According to the developers, the contraceptive microchip can hold enough hormone contraceptive to deliver a dose every day for 16 years. The company completed a human clinical trial using the drug for osteoporosis, but they are confident that the same device can be used to provide any drug, including a contraceptive. Perhaps most impressively, is that the device is wirelessly controlled, which means that microchip can be told whether to release a dose of the drug or not. Therefore, the microchip could be used as reversible contraception controlled from a desktop or smartphone.
Since hormonal contraceptives can cause a number of unwanted side effects, ongoing research has focused on non-hormonal agents to prevent pregnancy. COX-2 inhibitors, better known as anti-inflammatory analgesics for conditions such as arthritis, appeared interfere with ovulation. In fact, one COX-2 inhibitor called meloxicam taken for five days was shown to work as emergency contraception. Rofecoxib, also a COX-2 inhibitor, was similarly effective. While these are not hormonal agents, COX-2 inhibitors carry the risk of their own, unique side effects.

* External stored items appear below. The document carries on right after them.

(* Let $n\in\mathbb{N}$, $\sigma>0$, let $f:\mathbb{R}\to\mathbb{R}$ be smooth and odd, and let $F:\mathbb{R}\times X\to Y$, $F(\lambda,u)=-\Delta(\Delta u+\lambda f(u))-\lambda\sigma u$, so that $D_{uu}F(\lambda,u)[v,w]=-\Delta(\lambda f''(u)vw)$. Then for all $\lambda\in\mathbb{R}$ and $u\in X_a$: (i) $D_{uu}F(\lambda,u)[X_a,X_a]\subset Y_a$; (ii) $D_{uu}F(\lambda,u)[X_a\oplus X_b,X_a\oplus X_b]\subset Y_a\oplus Y_b$; (iii) $D_{uu}F(\lambda,u)[X_a,X_b]\subset Y_b$; (iv) $D_{uu}F(\lambda,u)[X_c,X_c]\subset Y_a\oplus Y_b$; (v) $D_{uu}F(\lambda,u)[X_a\oplus X_b,X_c]\subset Y_c$. (By symmetry of $D_{uu}F$ the order of the arguments in (iii) and (v) is irrelevant.)
   Context: Let $\Omega=(0,1)$, $\Delta=d^2/dx^2$. $X=\{u\in H^2(\Omega): u'(0)=u'(1)=0,\ \int_\Omega u\,dx=0\}$; $Y=H^{-2}(\Omega)$ with norm $\|\Delta^{-1}u\|_{L^2}$, where $\Delta$ maps mean-zero $L^2(\Omega)$ isometrically onto $H^{-2}(\Omega)$. Let $H^2_{per}(\mathbb{R})$, $L^2_{per}(\mathbb{R})$ be the spaces of $2$-periodic functions in $H^2_{loc}$, resp. $L^2_{loc}$, with $\int_0^2v\,dx=0$. The extension of $w\in L^2(\Omega)$ is the $2$-periodic function equal to $w(x)$ on $[0,1]$ and $w(2-x)$ on $(1,2)$. For $W=H^2_{per}$ or $L^2_{per}$ let $(T_nv)(x)=-v(x+1/n)$, $W_a=N(T_n-I)$, $W_b=N(T_n^{n-1}+\dots+T_n+I)$, $W_c=N(T_n^n+I)$. For $\tau\in\{a,b,c\}$: $X_\tau=\{u\in X:\text{extension of }u\in W_\tau\subset H^2_{per}\}$, $Y_\tau=\{y\in Y:\text{extension of }\Delta^{-1}y\in W_\tau\subset L^2_{per}\}$. *)

theory Defs
  imports "HOL-Analysis.Analysis"
begin

definition smooth_fun :: "(real \<Rightarrow> real) \<Rightarrow> bool" where
  "smooth_fun f \<longleftrightarrow> (\<forall>k x. ((deriv ^^ k) f) differentiable (at x))"

definition L2_on :: "real \<Rightarrow> real \<Rightarrow> (real \<Rightarrow> real) \<Rightarrow> bool" where
  "L2_on a b u \<longleftrightarrow> u \<in> borel_measurable (lebesgue_on {a..b}) \<and>
      integrable (lebesgue_on {a..b}) (\<lambda>x. (u x)\<^sup>2)"

definition test_fun :: "real \<Rightarrow> real \<Rightarrow> (real \<Rightarrow> real) \<Rightarrow> bool" where
  "test_fun a b \<phi> \<longleftrightarrow> smooth_fun \<phi> \<and>
      (\<exists>c d. a < c \<and> d < b \<and> (\<forall>x. x \<notin> {c..d} \<longrightarrow> \<phi> x = 0))"

definition weak_deriv_on :: "real \<Rightarrow> real \<Rightarrow> (real \<Rightarrow> real) \<Rightarrow> (real \<Rightarrow> real) \<Rightarrow> bool" where
  "weak_deriv_on a b u g \<longleftrightarrow> (\<forall>\<phi>. test_fun a b \<phi> \<longrightarrow>
      integral {a..b} (\<lambda>x. u x * deriv \<phi> x) = - integral {a..b} (\<lambda>x. g x * \<phi> x))"

definition H2_on :: "real \<Rightarrow> real \<Rightarrow> (real \<Rightarrow> real) \<Rightarrow> bool" where
  "H2_on a b u \<longleftrightarrow> L2_on a b u \<and> (\<exists>g1 g2. L2_on a b g1 \<and> L2_on a b g2 \<and>
      weak_deriv_on a b u g1 \<and> weak_deriv_on a b g1 g2)"

(* X = {u in H^2(0,1) : u'(0) = u'(1) = 0, int u = 0}; the boundary values refer to the
   continuous representative of the weak derivative u' *)
definition X_space :: "(real \<Rightarrow> real) \<Rightarrow> bool" where
  "X_space u \<longleftrightarrow> L2_on 0 1 u \<and>
     (\<exists>g1 g2. L2_on 0 1 g1 \<and> L2_on 0 1 g2 \<and> weak_deriv_on 0 1 u g1 \<and> weak_deriv_on 0 1 g1 g2
        \<and> continuous_on {0..1} g1 \<and> g1 0 = 0 \<and> g1 1 = 0) \<and>
     integral {0..1} u = 0"

definition H2_per :: "(real \<Rightarrow> real) \<Rightarrow> bool" where
  "H2_per v \<longleftrightarrow> (\<forall>x. v (x + 2) = v x) \<and> (\<forall>a b. a < b \<longrightarrow> H2_on a b v) \<and>
      integral {0..2} v = 0"

definition L2_per :: "(real \<Rightarrow> real) \<Rightarrow> bool" where
  "L2_per v \<longleftrightarrow> (\<forall>x. v (x + 2) = v x) \<and> (\<forall>a b. a < b \<longrightarrow> L2_on a b v) \<and>
      integral {0..2} v = 0"

definition ext :: "(real \<Rightarrow> real) \<Rightarrow> real \<Rightarrow> real" where
  "ext w x = (let t = x - 2 * of_int \<lfloor>x / 2\<rfloor> in if t \<le> 1 then w t else w (2 - t))"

Several non-hormonal contraceptive agents for men are under development or were tried and failed. Gossypol was in oral anti-fertility drug for men that had been under development since the 1970s. While it stopped 90% of pregnancies, it caused several severe side effects such as paralysis and irreversible sterility. As such, it has largely been abandoned. Triptolide, the molecule that is derived from a Chinese herb, also showed promise as an oral anti-sperm drug. Unfortunately, the drug worked too well and caused irreversible sterility. A more promising area of male contraception research is in molecules related to lonidamine. The derivatives of lonidamine, namely adjudin and gamendazole, are able to interfere with sperm production, but with fewer toxic side effects, especially gamendazole. Unfortunately, permanent sterility is still a problem. Nevertheless, a newer lonidamine derivative currently called CDB-4022 appears to be both effective and reversible with no apparent adverse effects. Several other drugs such as testicular retinoic acid inhibitors, calcium channel blockers, and glycosphingolipid synthesis inhibitors, and bromodomain BRDT inhibitors are still under laboratory investigation.

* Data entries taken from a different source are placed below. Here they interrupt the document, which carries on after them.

lemma Digamma_difference_expansion:
  fixes a b A C :: real and f :: "real \<Rightarrow> real"
  assumes a: "a > 0" and b: "b > 0"
    and f: "\<forall>\<^sub>F N in at_top. f N = A + C * (Digamma (a * N + 1/2) - Digamma (b * N + 1/2))"
  shows "((\<lambda>N. N^4 * (f N - (A + C * (ln a - ln b)) - C / 24 * (1 / a^2 - 1 / b^2) / N^2
            - - 7 * C / 960 * (1 / a^4 - 1 / b^4) / N^4)) \<longlongrightarrow> 0) at_top"
proof -
  have "((\<lambda>N. N^4 * (Digamma (a * N + 1/2) - ln N - ln a - 1 / (24 * a^2) / N^2 + 7 / (960 * a^4) / N^4)
            - N^4 * (Digamma (b * N + 1/2) - ln N - ln b - 1 / (24 * b^2) / N^2 + 7 / (960 * b^4) / N^4))
          \<longlongrightarrow> 0) at_top"
    using tendsto_diff[OF Digamma_scaled_expansion[OF a] Digamma_scaled_expansion[OF b]] by simp
  from tendsto_mult_right_zero[OF this, of C]
  show ?thesis
  proof (rule Lim_transform_eventually)
    show "\<forall>\<^sub>F N in at_top. C * (N^4 * (Digamma (a * N + 1/2) - ln N - ln a - 1 / (24 * a^2) / N^2 + 7 / (960 * a^4) / N^4)
            - N^4 * (Digamma (b * N + 1/2) - ln N - ln b - 1 / (24 * b^2) / N^2 + 7 / (960 * b^4) / N^4))
          = N^4 * (f N - (A + C * (ln a - ln b)) - C / 24 * (1 / a^2 - 1 / b^2) / N^2
            - - 7 * C / 960 * (1 / a^4 - 1 / b^4) / N^4)"
      using f eventually_gt_at_top[of 0]
    proof eventually_elim
      case (elim N)
      show ?case using elim(2) unfolding elim(1) by (simp add: field_simps eval_nat_numeral)
    qed
  qed
qed

lemma higher_deriv_eq_on_open:
  fixes f :: "real \<Rightarrow> real" and g :: "nat \<Rightarrow> real \<Rightarrow> real"
  assumes U: "open U" and f: "\<And>t. t \<in> U \<Longrightarrow> f t = g 0 t"
    and g: "\<And>k t. k < n \<Longrightarrow> t \<in> U \<Longrightarrow> (g k has_real_derivative g (Suc k) t) (at t)"
  shows "k \<le> n \<Longrightarrow> t \<in> U \<Longrightarrow> (deriv ^^ k) f t = g k t"
proof (induction k arbitrary: t)
  case (Suc k)
  have "((deriv ^^ k) f has_real_derivative g (Suc k) t) (at t)"
    using Suc by (intro has_field_derivative_transform_within_open[OF g U]) auto
  thus ?case by (simp add: DERIV_imp_deriv)
qed (simp add: f)

definition xln_deriv :: "nat \<Rightarrow> real \<Rightarrow> real \<Rightarrow> real \<Rightarrow> real" where
  "xln_deriv k a c t = (case k of
      0 \<Rightarrow> t * ln (a * t + c)
    | Suc 0 \<Rightarrow> ln (a * t + c) + a * t / (a * t + c)
    | Suc (Suc m) \<Rightarrow> (-1)^m * fact m * a^(m + 1) * (a * t + c + real (m + 1) * c) / (a * t + c)^(m + 2))"

lemma xln_deriv_Suc_Suc_has_derivative:
  assumes pos: "a * t + c > 0"
  shows "(xln_deriv (Suc (Suc m)) a c has_real_derivative xln_deriv (Suc (Suc (Suc m))) a c t) (at t)"
proof -
  obtain u where u_eq: "a * t + c = u" "c + a * t = u" and u: "u > 0" using pos by force
  have num: "((\<lambda>s. a * s + c + real (m + 1) * c) has_real_derivative a) (at t)"
    by (auto intro!: derivative_eq_intros)
  have "((\<lambda>s. a * s + c) has_real_derivative a) (at t)"
    by (auto intro!: derivative_eq_intros)
  from DERIV_power[OF this, of "m + 2"]
  have den: "((\<lambda>s. (a * s + c) ^ (m + 2)) has_real_derivative real (m + 2) * u ^ (m + 1) * a) (at t)"
    by (simp add: u_eq mult_ac)
  have "xln_deriv (Suc (Suc m)) a c
          = (\<lambda>s. (-1)^m * fact m * a^(m + 1) * ((a * s + c + real (m + 1) * c) / (a * s + c) ^ (m + 2)))"
    by (simp add: xln_deriv_def fun_eq_iff)
  with DERIV_cmult[OF DERIV_divide[OF num den]] u
  have deriv: "(xln_deriv (Suc (Suc m)) a c has_real_derivative (-1)^m * fact m * a^(m + 1) *
      ((a * u ^ (m + 2) - (u + real (m + 1) * c) * (real (m + 2) * u ^ (m + 1) * a)) / (u ^ (m + 2) * u ^ (m + 2)))) (at t)"
    by (simp add: u_eq)
  have "a * u ^ (m + 2) - (u + real (m + 1) * c) * (real (m + 2) * u ^ (m + 1) * a)
          = - (real (m + 1) * a * (u + real (m + 2) * c) * u ^ (m + 1))"
    by (simp add: algebra_simps power_Suc)
  hence "(-1)^m * fact m * a^(m + 1) *
      ((a * u ^ (m + 2) - (u + real (m + 1) * c) * (real (m + 2) * u ^ (m + 1) * a)) / (u ^ (m + 2) * u ^ (m + 2)))
        = xln_deriv (Suc (Suc (Suc m))) a c t"
    using u by (simp add: xln_deriv_def u_eq field_simps power_add)
  with deriv show ?thesis by simp
qed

Male contraception is considered the Holy Grail of contraception research. Other than a condom or vasectomy, men have very few options when it comes to preventing pregnancy. Most research efforts have focused on developing The Pill for men. Instead of containing oestrogen and progesterone, a hormonal contraceptive for men may contain testosterone, progestin, and gonadotropin releasing hormone antagonists. Unfortunately, sperm can live for up to two months after they have been produced in the testes. So, even if the man starts taking a male version of birth control, it could take eight weeks or more for him to be temporarily infertile.
Moreover, the doses of male sex hormones required to interfere with sperm production in men cause severe side effects, such as liver injury. Nevertheless, researchers are getting closer to a true male hormonal contraceptive “pill”; however, instead of a pill it will likely be best used as an implant or microchip.

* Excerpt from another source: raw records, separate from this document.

lemma VaR_antimono:
  fixes X :: "'a \<Rightarrow> real"
  assumes "X \<in> borel_measurable M" and "0 < \<gamma>" "\<gamma> \<le> \<delta>" "\<delta> < 1"
  shows "VaR M \<delta> X \<le> VaR M \<gamma> X"
  using VaR_le_iff[OF assms(1), of \<gamma> "VaR M \<gamma> X"] VaR_le_iff[OF assms(1), of \<delta> "VaR M \<gamma> X"] assms
  by simp

lemma prob_VaR_less_le:
  fixes X :: "'a \<Rightarrow> real"
  assumes [measurable]: "X \<in> borel_measurable M" and "0 < \<gamma>" "\<gamma> < 1"
  shows "prob {\<omega> \<in> space M. VaR M \<gamma> X < X \<omega>} \<le> \<gamma>"
  using VaR_le_iff[OF assms, of "VaR M \<gamma> X"] prob_neg[of "\<lambda>\<omega>. X \<omega> \<le> VaR M \<gamma> X"]
  by (simp add: not_le)

lemma AE_le_imp_VaR_le:
  fixes Y :: "'a \<Rightarrow> real"
  assumes [measurable]: "Y \<in> borel_measurable M"
    and "AE \<omega> in M. Y \<omega> \<le> c" and "0 < \<gamma>" "\<gamma> < 1"
  shows "VaR M \<gamma> Y \<le> c"
proof -
  have "prob {\<omega> \<in> space M. Y \<omega> \<le> c} = 1"
    using assms(2) by (subst prob_Collect_eq_1) auto
  then show ?thesis using VaR_le_iff[OF assms(1,3,4)] assms(3) by simp
qed

lemma AE_le_iff_VaR_le_arbitrarily_small:
  fixes Y :: "'a \<Rightarrow> real"
  assumes [measurable]: "Y \<in> borel_measurable M"
  shows "(AE \<omega> in M. Y \<omega> \<le> c) \<longleftrightarrow> (\<forall>\<epsilon>>0. \<exists>\<beta>\<in>{0<..<1}. \<beta> < \<epsilon> \<and> VaR M \<beta> Y \<le> c)"
proof
  assume "AE \<omega> in M. Y \<omega> \<le> c"
  then show "\<forall>\<epsilon>>0. \<exists>\<beta>\<in>{0<..<1}. \<beta> < \<epsilon> \<and> VaR M \<beta> Y \<le> c"
    by (intro arbitrarily_small_in_unit_interval AE_le_imp_VaR_le[OF assms])
next
  assume small: "\<forall>\<epsilon>>0. \<exists>\<beta>\<in>{0<..<1}. \<beta> < \<epsilon> \<and> VaR M \<beta> Y \<le> c"
  have "1 \<le> prob {\<omega> \<in> space M. Y \<omega> \<le> c}"
  proof (rule field_le_epsilon)
    fix \<epsilon> :: real assume "0 < \<epsilon>"
    then obtain \<beta> where "\<beta> \<in> {0<..<1}" "\<beta> < \<epsilon>" "VaR M \<beta> Y \<le> c" using small by blast
    then have "1 - \<beta> \<le> prob {\<omega> \<in> space M. Y \<omega> \<le> c}" using VaR_le_iff[OF assms, of \<beta> c] by simp
    with \<open>\<beta> < \<epsilon>\<close> show "1 \<le> prob {\<omega> \<in> space M. Y \<omega> \<le> c} + \<epsilon>" by linarith
  qed
  then have "prob {\<omega> \<in> space M. Y \<omega> \<le> c} = 1" using prob_le_1 by (intro antisym)
  then show "AE \<omega> in M. Y \<omega> \<le> c" by (subst (asm) prob_Collect_eq_1) auto
qed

Researchers in the 1970s showed that ultrasound energy could interfere with sperm production. Ultrasound energy directed to the testes for 30 min. significantly interfered with sperm creation. While modestly effective and reversible, the approach is not terribly convenient for human use.
While it is currently under the earliest phases of conception, some scientists have proposed creating a small cuff that is placed around the vas deferens, the tube that carries sperm from the testes to the urethra. When the device is controlled wirelessly, the cuff would close and prevent sperm from leaving the body. If the user again decided to be fertile, a second signal could be sent to the device that would open the cuff and allow sperm to flow normally. The development such as this is likely several years to decades away.